Star Schema Benchmark for BigQuery and Apache Druid.
This repository contains the scripts to generate the data for the Star Schema Benchmark and run the benchmark queries on BigQuery and Apache Druid.
Overview of benchmark preparation steps:
graph TD
AA[Setup GCP resources] --> A[Generate CSV files]
A --> B[Upload CSV files to GCS]
B --> C[Load CSV files into BigQuery tables]
C --> D[Flatten BigQuery tables]
D --> E[Export flattened table to GCS as Parquet]
E --> F[Ingest Parquet files to Druid]
Use direnv
and .envrc
file to store sensitive data:
export GCP_PROJECT=
export GCP_PROJECT_ZONE=
export GCP_PROJECT_SUBNET=
export GCP_QUERY_PROJECT=
export GCP_BUCKET=
export GCP_VM=
export GCP_DATASET=
export GCP_DRUID_SA=
export GCP_DRUID_HMAC_KEY=
export GCP_DRUID_HMAC_SECRET=
export DRUID_ROUTER_URL=
export DRUID_BROKER_URL
export DRUID_USER=
export DRUID_PASSWORD=
export DRUID_INPUT=
export DRUID_DATASOURCE=
Create GCS bucket:
gcloud storage buckets create $GCP_BUCKET \
--location=europe-west1 --default-storage-class=STANDARD --uniform-bucket-level-access
Add permissions to the bucket for Druid ingestion service account:
gcloud storage buckets add-iam-policy-binding $GCP_BUCKET \
--member=$GCP_DRUID_SA --role=roles/storage.objectViewer
Create BigQuery dataset:
bq mk --data_location=EU $GCP_DATASET
To speed-up data loading to GCS create VM in the same region as the GCS bucket:
gcloud compute instances create $GCP_VM \
--zone=$GCP_PROJECT_ZONE \
--machine-type=n4-standard-2 \
--boot-disk-size=500GB \
--no-address \
--subnet=$GCP_PROJECT_SUBNET
Or start instance if exists:
gcloud compute instances start $GCP_VM --zone=$GCP_PROJECT_ZONE
Check if you can connect to the VM:
gcloud compute ssh $GCP_VM --zone=$GCP_PROJECT_ZONE --internal-ip
Login into VM and install dependencies:
sudo apt-get update
sudo apt install build-essential git
Checkout the repository with data generator:
git clone https://github.com/electrum/ssb-dbgen.git
cd ssb-dbgen
Apply the patch to generate dates in YYYY-MM-DD format:
echo "
diff --git a/dss.h b/dss.h
index 8f78d89..dcbb750 100644
--- a/dss.h
+++ b/dss.h
@@ -517,7 +517,7 @@ int dbg_print(int dt, FILE *tgt, void *data, int len, int eol);
#ifdef SSBM
#define PR_DATE(tgt, yr, mn, dy) \
- sprintf(tgt, "19%02d%02d%02d", yr, mn, dy)
+ sprintf(tgt, "19%02d-%02d-%02d", yr, mn, dy)
#else
#ifdef MDY_DATE
#define PR_DATE(tgt, yr, mn, dy) \
" | git apply
Compile the generator:
cd ssb-dbgen
make
For the initial tests generate ~1GB of data.
./dbgen -f -s 1 -T a
Check how many records are in the generated file wc -l *.tbl
:
30000 customer.tbl # 30k
6001171 lineorder.tbl # 6mln
200000 part.tbl # 200k
2000 supplier.tbl # 2k
6235727 total
It gives ~6mln records, enough to test the queries, but not for benchmarking.
For more realistic benchmarks generate ~30GB of data.
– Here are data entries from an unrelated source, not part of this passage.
(* Let $X$ be a hereditarily meta-Lindelöf, compact, scattered space with countable scattered height. If $X$ has a $P$-base for some directed set $P$ with calibre $(\omega_1,\omega)$, then $X$ is countable, hence metrizable.
   Context: All spaces are Tychonoff. $X$ is hereditarily meta-Lindelöf if every open cover of any subspace has a point-countable open refinement. $X$ is scattered if every nonempty subspace has an isolated point; for $A\subseteq X$ let $A'$ be the set of non-isolated points of $A$, set $X^{(0)}=X$, $X^{(\alpha)}=\bigcap_{\beta<\alpha}(X^{(\beta)})'$ for $\alpha>0$; for $x\in X$, $h(x)$ is the ordinal with $x\in X^{(h(x))}\setminus X^{(h(x)+1)}$, and the scattered height is $h(X)=\sup\{h(x):x\in X\}$. A $P$-base is an assignment to each $x\in X$ of a neighborhood base $\{U_p:p\in P\}$ at $x$ with $U_p\subseteq U_{p'}$ whenever $p\ge p'$. A directed set has calibre $(\omega_1,\omega)$ if every uncountable subset contains an infinite subset with an upper bound. *)

theory Defs
  imports "HOL-Analysis.Analysis"
begin

definition tychonoff_space :: "'a topology \<Rightarrow> bool" where
  "tychonoff_space X \<longleftrightarrow> completely_regular_space X \<and> Hausdorff_space X"

definition hereditarily_meta_lindelof :: "'a topology \<Rightarrow> bool" where
  "hereditarily_meta_lindelof X \<longleftrightarrow>
     (\<forall>Y \<U>. Y \<subseteq> topspace X \<and> (\<forall>U\<in>\<U>. openin (subtopology X Y) U) \<and> \<Union>\<U> = Y \<longrightarrow>
        (\<exists>\<V>. (\<forall>V\<in>\<V>. openin (subtopology X Y) V) \<and> \<Union>\<V> = Y \<and>
              (\<forall>V\<in>\<V>. \<exists>U\<in>\<U>. V \<subseteq> U) \<and>
              (\<forall>y\<in>Y. countable {V\<in>\<V>. y \<in> V})))"

definition scattered_space :: "'a topology \<Rightarrow> bool" where
  "scattered_space X \<longleftrightarrow>
     (\<forall>A. A \<subseteq> topspace X \<and> A \<noteq> {} \<longrightarrow> (\<exists>x\<in>A. \<exists>U. openin X U \<and> U \<inter> A = {x}))"

definition nonisolated_points :: "'a topology \<Rightarrow> 'a set \<Rightarrow> 'a set" where
  "nonisolated_points X A = A \<inter> (X derived_set_of A)"

text \<open>D is the transfinite sequence of Cantor--Bendixson derivatives X^(alpha), indexed by
  the (well-ordered) field of the well-order r:
  X^(alpha) = X \<inter> (\<Inter>{beta < alpha} (X^(beta))'), so that X^(0) = X.\<close>
definition CB_derivatives :: "'a topology \<Rightarrow> 'i rel \<Rightarrow> ('i \<Rightarrow> 'a set) \<Rightarrow> bool" where
  "CB_derivatives X r D \<longleftrightarrow>
     (\<forall>\<alpha>\<in>Field r. D \<alpha> = topspace X \<inter> (\<Inter>\<beta>\<in>underS r \<alpha>. nonisolated_points X (D \<beta>)))"

text \<open>Countable scattered height: h(X) is a countable ordinal, i.e. X^(alpha) = {} for some
  countable ordinal alpha (every countable ordinal is represented by a well-order on a
  subset of nat).\<close>
definition countable_scattered_height :: "'a topology \<Rightarrow> bool" where
  "countable_scattered_height X \<longleftrightarrow>
     (\<exists>(r :: nat rel) D. Well_order r \<and> CB_derivatives X r D \<and> (\<exists>\<alpha>\<in>Field r. D \<alpha> = {}))"

definition directed_set :: "'p set \<Rightarrow> ('p \<Rightarrow> 'p \<Rightarrow> bool) \<Rightarrow> bool" where
  "directed_set P le \<longleftrightarrow>
     (\<forall>p\<in>P. le p p) \<and>
     (\<forall>p\<in>P. \<forall>q\<in>P. \<forall>s\<in>P. le p q \<and> le q s \<longrightarrow> le p s) \<and>
     (\<forall>p\<in>P. \<forall>q\<in>P. \<exists>s\<in>P. le p s \<and> le q s)"

definition calibre_omega1_omega :: "'p set \<Rightarrow> ('p \<Rightarrow> 'p \<Rightarrow> bool) \<Rightarrow> bool" where
  "calibre_omega1_omega P le \<longleftrightarrow>
     (\<forall>A. A \<subseteq> P \<and> uncountable A \<longrightarrow>
        (\<exists>B\<subseteq>A. infinite B \<and> (\<exists>u\<in>P. \<forall>b\<in>B. le b u)))"

definition nbhd :: "'a topology \<Rightarrow> 'a \<Rightarrow> 'a set \<Rightarrow> bool" where
  "nbhd X x N \<longleftrightarrow> (\<exists>W. openin X W \<and> x \<in> W \<and> W \<subseteq> N)"

definition P_base :: "'a topology \<Rightarrow> 'p set \<Rightarrow> ('p \<Rightarrow> 'p \<Rightarrow> bool) \<Rightarrow> ('a \<Rightarrow> 'p \<Rightarrow> 'a set) \<Rightarrow> bool" where
  "P_base X P le U \<longleftrightarrow>
     (\<forall>x\<in>topspace X.
        (\<forall>p\<in>P. U x p \<subseteq> topspace X \<and> nbhd X x (U x p)) \<and>
        (\<forall>W. openin X W \<and> x \<in> W \<longrightarrow> (\<exists>p\<in>P. U x p \<subseteq> W)) \<and>
        (\<forall>p\<in>P. \<forall>p'\<in>P. le p' p \<longrightarrow> U x p \<subseteq> U x p'))"

end

theory Submission
  imports Defs
begin

(* If X were uncountable, compactness would give it a condensation point, and since X is
  scattered some condensation point z is isolated among all of them.  A neighbourhood of z then
  contains an uncountable set T that is locally countable away from z.  Applying the
  meta-Lindelof property to X - {z} gives a point-countable open cover whose members meet T in
  countable sets; a maximal subset of T meeting every member at most once is uncountable, so it
  can accumulate only at z.  The calibre of P thins it to an infinite set that misses a single
  basic neighbourhood U z u, so this set has no accumulation point at all, contradicting
  compactness.  A countable compact Tychonoff space embeds in a countable power of the reals,
  so it is metrizable. *)

lemma uncountable_independent_subset:
  assumes "uncountable T"
    and sym: "\<And>a b. R a b \<Longrightarrow> R b a"
    and countable_nbhd: "\<And>t. t \<in> T \<Longrightarrow> countable {s \<in> T. R t s}"
  shows "\<exists>S\<subseteq>T. uncountable S \<and> pairwise (\<lambda>a b. \<not> R a b) S"
proof -
  define \<A> where "\<A> = {S. S \<subseteq> T \<and> pairwise (\<lambda>a b. \<not> R a b) S}"
  have "\<forall>\<C>\<in>chains \<A>. \<Union>\<C> \<in> \<A>"
    unfolding \<A>_def chains_def by (auto intro: pairwise_chain_Union)
  then obtain S where "S \<in> \<A>" and maximal: "\<And>S'. S' \<in> \<A> \<Longrightarrow> S \<subseteq> S' \<Longrightarrow> S' = S"
    using Zorn_Lemma by force
  then have ST: "S \<subseteq> T" and indep: "pairwise (\<lambda>a b. \<not> R a b) S"
    by (auto simp: \<A>_def)
  have "uncountable S"
  proof
    assume "countable S"
    then have "countable (S \<union> (\<Union>s\<in>S. {t \<in> T. R s t}))"
      using ST countable_nbhd by blast
    then obtain t where "t \<in> T - (S \<union> (\<Union>s\<in>S. {t \<in> T. R s t}))"
      using \<open>uncountable T\<close> uncountable_minus_countable by (metis ex_in_conv countable_empty)
    then have t: "t \<in> T" "t \<notin> S" "\<And>s. s \<in> S \<Longrightarrow> \<not> R s t"
      by auto
    have "insert t S \<in> \<A>"
      using ST indep t sym by (auto simp: \<A>_def pairwise_insert)
    then show False
      using maximal t(2) by blast
  qed
  then show ?thesis
    using ST indep by blast
qed

lemma point_countable_family_separated_subset:
  assumes "uncountable T"
    and countable_traces: "\<And>V. V \<in> \<V> \<Longrightarrow> countable (V \<inter> T)"
    and point_countable: "\<And>t. t \<in> T \<Longrightarrow> countable {V \<in> \<V>. t \<in> V}"
  shows "\<exists>S\<subseteq>T. uncountable S \<and> (\<forall>V\<in>\<V>. \<exists>a. V \<inter> S \<subseteq> {a})"
proof -
  define R where "R a b \<longleftrightarrow> (\<exists>V\<in>\<V>. a \<in> V \<and> b \<in> V)" for a b
  have sym: "R a b \<Longrightarrow> R b a" for a b
    by (auto simp: R_def)
  have countable_nbhd: "countable {s \<in> T. R t s}" if "t \<in> T" for t
  proof -
    have "countable (\<Union>V\<in>{V \<in> \<V>. t \<in> V}. V \<inter> T)"
      using that countable_traces point_countable by (intro countable_UN) auto
    moreover have "{s \<in> T. R t s} = (\<Union>V\<in>{V \<in> \<V>. t \<in> V}. V \<inter> T)"
      by (auto simp: R_def)
    ultimately show ?thesis
      by simp
  qed
  then obtain S where "S \<subseteq> T" "uncountable S" "pairwise (\<lambda>a b. \<not> R a b) S"
    using uncountable_independent_subset[of T R] \<open>uncountable T\<close> sym countable_nbhd by blast
  moreover have "\<exists>a. V \<inter> S \<subseteq> {a}" if "V \<in> \<V>" and "pairwise (\<lambda>a b. \<not> R a b) S" for V
    using that unfolding pairwise_def R_def by blast
  ultimately show ?thesis
    by blast
qed

lemma hereditarily_meta_lindelofD:
  assumes "hereditarily_meta_lindelof X" and "Y \<subseteq> topspace X"
    and "\<And>A. A \<in> \<U> \<Longrightarrow> openin (subtopology X Y) A" and "\<Union>\<U> = Y"
  obtains \<V> where "\<And>V. V \<in> \<V> \<Longrightarrow> openin (subtopology X Y) V" and "\<Union>\<V> = Y"
    and "\<And>V. V \<in> \<V> \<Longrightarrow> \<exists>A\<in>\<U>. V \<subseteq> A" and "\<And>y. y \<in> Y \<Longrightarrow> countable {V\<in>\<V>. y \<in> V}"
proof -
  have "Y \<subseteq> topspace X \<and> (\<forall>A\<in>\<U>. openin (subtopology X Y) A) \<and> \<Union>\<U> = Y"
    using assms(2-4) by blast
  then have "\<exists>\<V>. (\<forall>V\<in>\<V>. openin (subtopology X Y) V) \<and> \<Union>\<V> = Y \<and>
      (\<forall>V\<in>\<V>. \<exists>A\<in>\<U>. V \<subseteq> A) \<and> (\<forall>y\<in>Y. countable {V\<in>\<V>. y \<in> V})"
    by (rule assms(1)[unfolded hereditarily_meta_lindelof_def, rule_format])
  then obtain \<V> where "\<forall>V\<in>\<V>. openin (subtopology X Y) V" "\<Union>\<V> = Y"
    "\<forall>V\<in>\<V>. \<exists>A\<in>\<U>. V \<subseteq> A" "\<forall>y\<in>Y. countable {V\<in>\<V>. y \<in> V}"
    by blast
  then show ?thesis
    by (intro that) auto
qed

lemma hereditarily_meta_lindelof_uncountable_discrete_subset:
  assumes hml: "hereditarily_meta_lindelof X" and "t1_space X"
    and Y: "openin X Y" and "T \<subseteq> Y" and "uncountable T"
    and locally_countable: "\<And>y. y \<in> Y \<Longrightarrow> \<exists>G. openin X G \<and> y \<in> G \<and> countable (G \<inter> T)"
  shows "\<exists>S\<subseteq>T. uncountable S \<and> Y \<inter> X derived_set_of S = {}"
proof -
  define \<G> where "\<G> = {G. openin X G \<and> countable (G \<inter> T)}"
  define \<U> where "\<U> = (\<lambda>G. G \<inter> Y) ` \<G>"
  have "openin (subtopology X Y) A" if "A \<in> \<U>" for A
    using that openin_subtopology_Int unfolding \<U>_def \<G>_def by blast
  moreover have "\<Union>\<U> = Y"
  proof
    show "\<Union>\<U> \<subseteq> Y"
      unfolding \<U>_def by blast
    show "Y \<subseteq> \<Union>\<U>"
    proof
      fix y
      assume "y \<in> Y"
      then obtain G where "G \<in> \<G>" "y \<in> G"
        using locally_countable unfolding \<G>_def by blast
      then show "y \<in> \<Union>\<U>"
        unfolding \<U>_def using \<open>y \<in> Y\<close> by blast
    qed
  qed
  ultimately obtain \<V> where V_open: "\<And>V. V \<in> \<V> \<Longrightarrow> openin (subtopology X Y) V"
    and "\<Union>\<V> = Y" and V_refines: "\<And>V. V \<in> \<V> \<Longrightarrow> \<exists>A\<in>\<U>. V \<subseteq> A"
    and V_point_countable: "\<And>y. y \<in> Y \<Longrightarrow> countable {V\<in>\<V>. y \<in> V}"
    using hereditarily_meta_lindelofD[OF hml openin_subset[OF Y]] by blast
  have countable_traces: "countable (V \<inter> T)" if V: "V \<in> \<V>" for V
  proof -
    obtain G where "G \<in> \<G>" "V \<subseteq> G \<inter> Y"
      using V_refines[OF V] unfolding \<U>_def by blast
    then have "V \<inter> T \<subseteq> G \<inter> T" "countable (G \<inter> T)"
      unfolding \<G>_def by blast+
    then show ?thesis
      by (rule countable_subset)
  qed
  have point_countable: "countable {V\<in>\<V>. t \<in> V}" if "t \<in> T" for t
    using V_point_countable that \<open>T \<subseteq> Y\<close> by blast
  obtain S where "S \<subseteq> T" "uncountable S" and separated: "\<forall>V\<in>\<V>. \<exists>a. V \<inter> S \<subseteq> {a}"
    using point_countable_family_separated_subset[OF \<open>uncountable T\<close> countable_traces point_countable]
    by blast
  have "y \<notin> X derived_set_of S" if "y \<in> Y" for y
  proof -
    obtain V where V: "V \<in> \<V>" "y \<in> V"
      using \<open>\<Union>\<V> = Y\<close> \<open>y \<in> Y\<close> by blast
    then obtain a where "S \<inter> V \<subseteq> {a}"
      using separated by blast
    then have "finite (S \<inter> V)"
      using finite_subset by blast
    moreover have "openin X V"
      using openin_trans_full[OF V_open[OF V(1)] Y] .
    ultimately have "\<exists>U. y \<in> U \<and> openin X U \<and> finite (S \<inter> U)"
      using V(2) by blast
    then show ?thesis
      by (simp add: t1_space_derived_set_of_infinite_openin[THEN iffD1, OF \<open>t1_space X\<close>])
  qed
  then have "Y \<inter> X derived_set_of S = {}"
    by blast
  then show ?thesis
    using \<open>S \<subseteq> T\<close> \<open>uncountable S\<close> by blast
qed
NOTE: Do it separately for each table, as the generator can crash.
./dbgen -f -s 30 -T l
./dbgen -f -s 30 -T c
./dbgen -f -s 30 -T p
./dbgen -f -s 30 -T s
Check the results wc -l *.tbl
:
900000 customer.tbl # 900k
179998372 lineorder.tbl # 180mln
1000000 part.tbl # 1mln
60000 supplier.tbl # 60k
181958372 total
Scenario for ~300GB of data:
./dbgen -f -s 300 -T l
./dbgen -f -s 300 -T c
./dbgen -f -s 300 -T p
./dbgen -f -s 300 -T s
Check the results ls -lh *.tbl
(wc
is too slow:
831M customer.tbl
186G lineorder.tbl
149M part.tbl
50M supplier.tbl
Authenticate using your GCP account:
gcloud auth login
With 200MiB/s network speed it takes ~90 seconds to upload 17.5GiB and ~15 minutes to upload 187GiB.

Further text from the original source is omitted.